| Work item |
Look through the records below for the line with "n P le F \<longleftrightarrow>" and the line with "le = (LEAST", then return those lines and all lines between, exactly.

| Data for this task |

(* For every $n\ge 3$, $\lceil \log_2 n\rceil\le \mathrm{isat}(n,\bowtie)\le \binom{n}{2}+2n-1$.
   Context: $\mathcal{B}_n$ denotes the Boolean lattice $(2^{[n]},\subseteq)$. A family $\mathcal{F}\subseteq 2^{[n]}$ (ordered by inclusion) is induced-$\mathcal{P}$-saturated if it contains no induced copy of $\mathcal{P}$ (an injection $f$ with $u\le v\iff f(u)\subseteq f(v)$) but every family $\mathcal{F}'$ with $\mathcal{F}\subsetneq\mathcal{F}'\subseteq 2^{[n]}$ contains one. $\mathrm{isat}(n,\mathcal{P})$ is the minimum size of an induced-$\mathcal{P}$-saturated family in $\mathcal{B}_n$. The butterfly $\bowtie$ is the four-element poset on $\{A,B,C,D\}$ whose only strict relations are $A<B$, $A<D$, $C<B$, $C<D$ (so $A\parallel C$ and $B\parallel D$). *)

theory Defs
  imports Complex_Main
begin

definition has_induced_copy :: "'a set \<Rightarrow> ('a \<Rightarrow> 'a \<Rightarrow> bool) \<Rightarrow> 'b set set \<Rightarrow> bool" where
  "has_induced_copy P le F \<longleftrightarrow>
     (\<exists>f. inj_on f P \<and> f ` P \<subseteq> F \<and> (\<forall>u\<in>P. \<forall>v\<in>P. le u v \<longleftrightarrow> f u \<subseteq> f v))"

definition induced_saturated :: "nat \<Rightarrow> 'a set \<Rightarrow> ('a \<Rightarrow> 'a \<Rightarrow> bool) \<Rightarrow> nat set set \<Rightarrow> bool" where
  "induced_saturated n P le F \<longleftrightarrow>
     F \<subseteq> Pow {1..n} \<and> \<not> has_induced_copy P le F \<and>
     (\<forall>F'. F \<subset> F' \<and> F' \<subseteq> Pow {1..n} \<longrightarrow> has_induced_copy P le F')"

definition isat :: "nat \<Rightarrow> 'a set \<Rightarrow> ('a \<Rightarrow> 'a \<Rightarrow> bool) \<Rightarrow> nat" where
  "isat n P le = (LEAST k. \<exists>F. induced_saturated n P le F \<and> card F = k)"

text \<open>The butterfly: A = 0, B = 1, C = 2, D = 3, with strict relations A<B, A<D, C<B, C<D.\<close>

definition butterfly :: "nat set" where
  "butterfly = {0, 1, 2, 3}"

definition butterfly_le :: "nat \<Rightarrow> nat \<Rightarrow> bool" where
  "butterfly_le u v \<longleftrightarrow> u = v \<or> (u, v) \<in> {(0, 1), (0, 3), (2, 1), (2, 3)}"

| Task output |
  "induced_saturated n P le F \<longleftrightarrow>
     F \<subseteq> Pow {1..n} \<and> \<not> has_induced_copy P le F \<and>
     (\<forall>F'. F \<subset> F' \<and> F' \<subseteq> Pow {1..n} \<longrightarrow> has_induced_copy P le F')"

definition isat :: "nat \<Rightarrow> 'a set \<Rightarrow> ('a \<Rightarrow> 'a \<Rightarrow> bool) \<Rightarrow> nat" where
  "isat n P le = (LEAST k. \<exists>F. induced_saturated n P le F \<and> card F = k)"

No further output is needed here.